Under linux, I used to use git clean *.orig
, or git clean *.orig *.swp *.swo
to clean my repositories while keeping some untracked file.
For example, with the following repo status:
$ git status
composer.json.orig
config/services.yaml.orig
The command git clean *.orig
remove composer.json.orig, then if I execute git clean *.orig
again, the file config/services.yaml.orig is removed.
However, I now have to work on mac os, and the command doesn't work the same, the subdirectories are not cleaned.
How can I make this works like under unix ?
Unix/Linux shells expand unescaped/unquoted metacharacters like *
. When you have files that match wildcard template *.orig
in the current directory the shell expands the template to a list of files and pass the list to the command so instead of git clean *.orig
the shell executes git clean composer.json.orig
. After the file is removed in the next command git clean *.orig
the shell doesn't expand *.orig
because there are no files in the current directory that match the template so it really executes git clean *.orig
and Git expands the template recursively.
There are two ways to work around that. First, instead of using simple template *.orig
you can use *.orig **/*.orig
to make the shell expand the template in the current directory and recursively so the shell executes the command git clean composer.json.orig config/services.yaml.orig
.
The second way is forbid the shell to expand the template at all and make it pass the template unchanged/unexpanded to Git so Git works recursively on it.
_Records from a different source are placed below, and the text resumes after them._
lemma even_weighted_floor_sum_multiples:
  fixes h m :: int
  assumes "h > 0" "coprime h (6*m)"
  shows "even (weighted_floor_sum m h + weighted_floor_sum (2*m) h + weighted_floor_sum (3*m) h
               + weighted_floor_sum (6*m) h)"
proof -
  define I where "I a = inversions (\<lambda>r. a*r mod h) (h-1)" for a
  define S where "S a = (\<Sum>r\<in>{1..h-1}. a*r div h)" for a
  have "coprime h (2*3*m)" using assms(2) by simp
  then have cop: "coprime 2 h" "coprime 3 h" "coprime m h"
    by (simp_all only: coprime_mult_right_iff coprime_commute)
  have T: "even (weighted_floor_sum a h + I a + S a)" if "coprime a h" for a
    unfolding I_def S_def using even_weighted_floor_sum_add_inversions[OF assms(1) that] .
  have I: "even (I (a*b) + I a + I b)" if "coprime a h" "coprime b h" for a b
    unfolding I_def using even_inversions_mult_mod[OF assms(1) that] .
  have "coprime (2*3) h" "coprime (2*2*3) h"
    using cop by (simp_all only: coprime_mult_left_iff)
  then have cop': "coprime (2*m) h" "coprime (3*m) h" "coprime (6*m) h" "coprime (m*(3*m)) h"
    "coprime ((2*m)*(6*m)) h" "coprime (6*m*m) h"
    using cop by simp_all
  \<comment> \<open>the product of the four multipliers is a square, so their inversion parities cancel\<close>
  moreover have "(m*(3*m))*((2*m)*(6*m)) = (6*m*m)*(6*m*m)" by (simp add: algebra_simps)
  ultimately have I4: "even (I ((6*m*m)*(6*m*m)) + I (m*(3*m)) + I ((2*m)*(6*m)))"
    and I5: "even (I ((6*m*m)*(6*m*m)) + I (6*m*m) + I (6*m*m))"
    using I by metis+
  have "odd h" using cop(1) by simp
  then obtain u where u: "h - 1 = 2*u" by (metis oddE add_diff_cancel_right')
  have S: "S a = (a-1)*u" if "coprime a h" for a
    using double_sum_div_mult[OF assms(1) that] unfolding S_def u by simp
  have "S m + S (2*m) + S (3*m) + S (6*m) = 2 * ((6*m - 2) * u)"
    unfolding S[OF cop(3)] S[OF cop'(1)] S[OF cop'(2)] S[OF cop'(3)] by (simp add: algebra_simps)
  then have "even (S m + S (2*m) + S (3*m) + S (6*m))" by simp
  then show ?thesis
    using T[OF cop(3)] T[OF cop'(1)] T[OF cop'(2)] T[OF cop'(3)] I[OF cop(3) cop'(2)] I[OF cop'(1,3)] I4 I5
    by (simp only: even_add) argo
qed

definition reciprocity_poly :: "int \<Rightarrow> int \<Rightarrow> int" where
  "reciprocity_poly h K = h^2 + K^2 + 1 - 3*h*K - K*(2*K*(h-1)*(2*h-1) - 3*h*(h-1))"

lemma mult_dedekind_numerator_eq:
  fixes h K :: int
  assumes "h > 0" "K > 0" "coprime h K"
  shows "h * dedekind_numerator h K = reciprocity_poly h K + 12 * K * weighted_floor_sum K h"
  using dedekind_numerator_reciprocity[OF assms]
  unfolding reciprocity_poly_def dedekind_numerator_def[of K h] by (simp add: algebra_simps)

lemma reciprocity_poly_cong:
  "[a = b] (mod n) \<Longrightarrow> [reciprocity_poly a K = reciprocity_poly b K] (mod n)"
  unfolding reciprocity_poly_def by (intro cong_add cong_diff cong_mult cong_pow cong_refl)

lemma coprime_432_mult_iff:
  fixes h m :: int
  shows "coprime h (432 * m) \<longleftrightarrow> coprime h (6 * m)"
proof -
  have "coprime h (432 * m) \<longleftrightarrow> coprime h (2^4 * 3^3 * m)" by simp
  also have "\<dots> \<longleftrightarrow> coprime h (2 * 3 * m)"
    by (simp only: coprime_mult_right_iff coprime_power_right_iff) simp
  finally show ?thesis by simp
qed

(* The congruences on the c_K say that 12 K c_K = 216 m (mod 432 m) for every K, so the weighted
   floor sums only enter through the parity of their total. *)
lemma dedekind_numerator_combination_cong:
  fixes h m c1 c2 c3 c6 :: int
  assumes "m > 0" "coprime h (6*m)"
    and "[c1 = 18] (mod 36)" "[c2 = 9] (mod 18)" "[c3 = 6] (mod 12)" "[c6 = 3] (mod 6)"
  shows "[h * (c1 * dedekind_numerator h m + c2 * dedekind_numerator h (2*m)
              + c3 * dedekind_numerator h (3*m) + c6 * dedekind_numerator h (6*m))
          = c1 * reciprocity_poly h m + c2 * reciprocity_poly h (2*m)
              + c3 * reciprocity_poly h (3*m) + c6 * reciprocity_poly h (6*m)] (mod 432*m)"
proof -
  define X where "X g = c1 * dedekind_numerator g m + c2 * dedekind_numerator g (2*m)
    + c3 * dedekind_numerator g (3*m) + c6 * dedekind_numerator g (6*m)" for g
  define Y where "Y g = c1 * reciprocity_poly g m + c2 * reciprocity_poly g (2*m)
    + c3 * reciprocity_poly g (3*m) + c6 * reciprocity_poly g (6*m)" for g
  define T where "T K g = weighted_floor_sum K g" for K g
  obtain q1 q2 q3 q6 where "18 = c1 + 36*q1" "9 = c2 + 18*q2" "6 = c3 + 12*q3" "3 = c6 + 6*q6"
    using assms(3-6) unfolding cong_iff_lin by blast
  then have c: "c1 = 18 - 36*q1" "c2 = 9 - 18*q2" "c3 = 6 - 12*q3" "c6 = 3 - 6*q6" by linarith+
  have dvd: "m dvd 6*m" "2*m dvd 6*m" "3*m dvd 6*m" by (simp_all add: mult_dvd_mono)
  have positive: "[g * X g = Y g] (mod 432*m)" if g: "g > 0" "coprime g (6*m)" for g
  proof -
    have rec: "g * dedekind_numerator g K = reciprocity_poly g K + 12 * K * T K g"
      if "K > 0" "K dvd 6*m" for K
      using mult_dedekind_numerator_eq \<open>g > 0\<close> coprime_divisors[OF dvd_refl that(2) \<open>coprime g (6*m)\<close>]
      unfolding T_def using that(1) by blast
    obtain w where w: "T m g + T (2*m) g + T (3*m) g + T (6*m) g = 2 * w"
      using even_weighted_floor_sum_multiples[OF g] unfolding T_def by blast
    have "g * X g = c1 * (g * dedekind_numerator g m) + c2 * (g * dedekind_numerator g (2*m))
        + c3 * (g * dedekind_numerator g (3*m)) + c6 * (g * dedekind_numerator g (6*m))"
      unfolding X_def by (simp add: algebra_simps)
    also have "\<dots> = Y g + 216*m*(T m g + T (2*m) g + T (3*m) g + T (6*m) g)
        - 432*m*(q1 * T m g + q2 * T (2*m) g + q3 * T (3*m) g + q6 * T (6*m) g)"
      using assms(1) dvd unfolding Y_def c by (simp add: rec algebra_simps)
    also have "\<dots> = Y g + 432*m*(w - q1 * T m g - q2 * T (2*m) g - q3 * T (3*m) g - q6 * T (6*m) g)"
      unfolding w by (simp add: algebra_simps)
    finally show ?thesis by (simp add: cong_iff_dvd_diff)
  qed
  \<comment> \<open>reciprocity needs a positive \<open>h\<close>; reducing mod \<open>432 m\<close> changes no \<open>D(h,K)\<close>\<close>
  define h0 where "h0 = h mod (432*m)"
  have "coprime h (432*m)" using assms(2) coprime_432_mult_iff by blast
  then have "coprime h0 (432*m)" unfolding h0_def using assms(1) by (subst coprime_mod_left_iff) auto
  then have h0: "coprime h0 (6*m)" using coprime_432_mult_iff by blast
  have "h0 \<noteq> 0" using \<open>coprime h0 (432*m)\<close> assms(1) by auto
  moreover have "h0 \<ge> 0" unfolding h0_def using assms(1) by simp
  ultimately have "h0 > 0" by simp
  have "X h0 = X h" unfolding X_def h0_def using assms(1) dvd
    by (simp add: dedekind_numerator_mod dvd_trans[of _ "6*m" "432*m"])
  have cong_h0: "[h0 = h] (mod 432*m)" unfolding h0_def by (simp add: Cong.cong_def)
  have "[h * X h = h0 * X h] (mod 432*m)" using cong_h0 by (intro cong_mult cong_refl) (rule cong_sym)
  also have "[h0 * X h = Y h0] (mod 432*m)" using positive[OF \<open>h0 > 0\<close> h0] \<open>X h0 = X h\<close> by simp
  also have "[Y h0 = Y h] (mod 432*m)"
    unfolding Y_def by (intro cong_add cong_mult cong_refl reciprocity_poly_cong cong_h0)
  finally show ?thesis unfolding X_def Y_def .
qed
For this either escape the asterisk with a backslash: git clean \*.orig
or use single/double quotes: git clean "*.orig"
. Shells don't expand asterisk templates inside quotes. (The difference between single and double quotes is that shells don't expand anything inside apostrophes/single quotes but expand $environment_variables
in double quotes).
The bottom line is: remember when the shell expands metacharacters and when you want to protect them from expanding.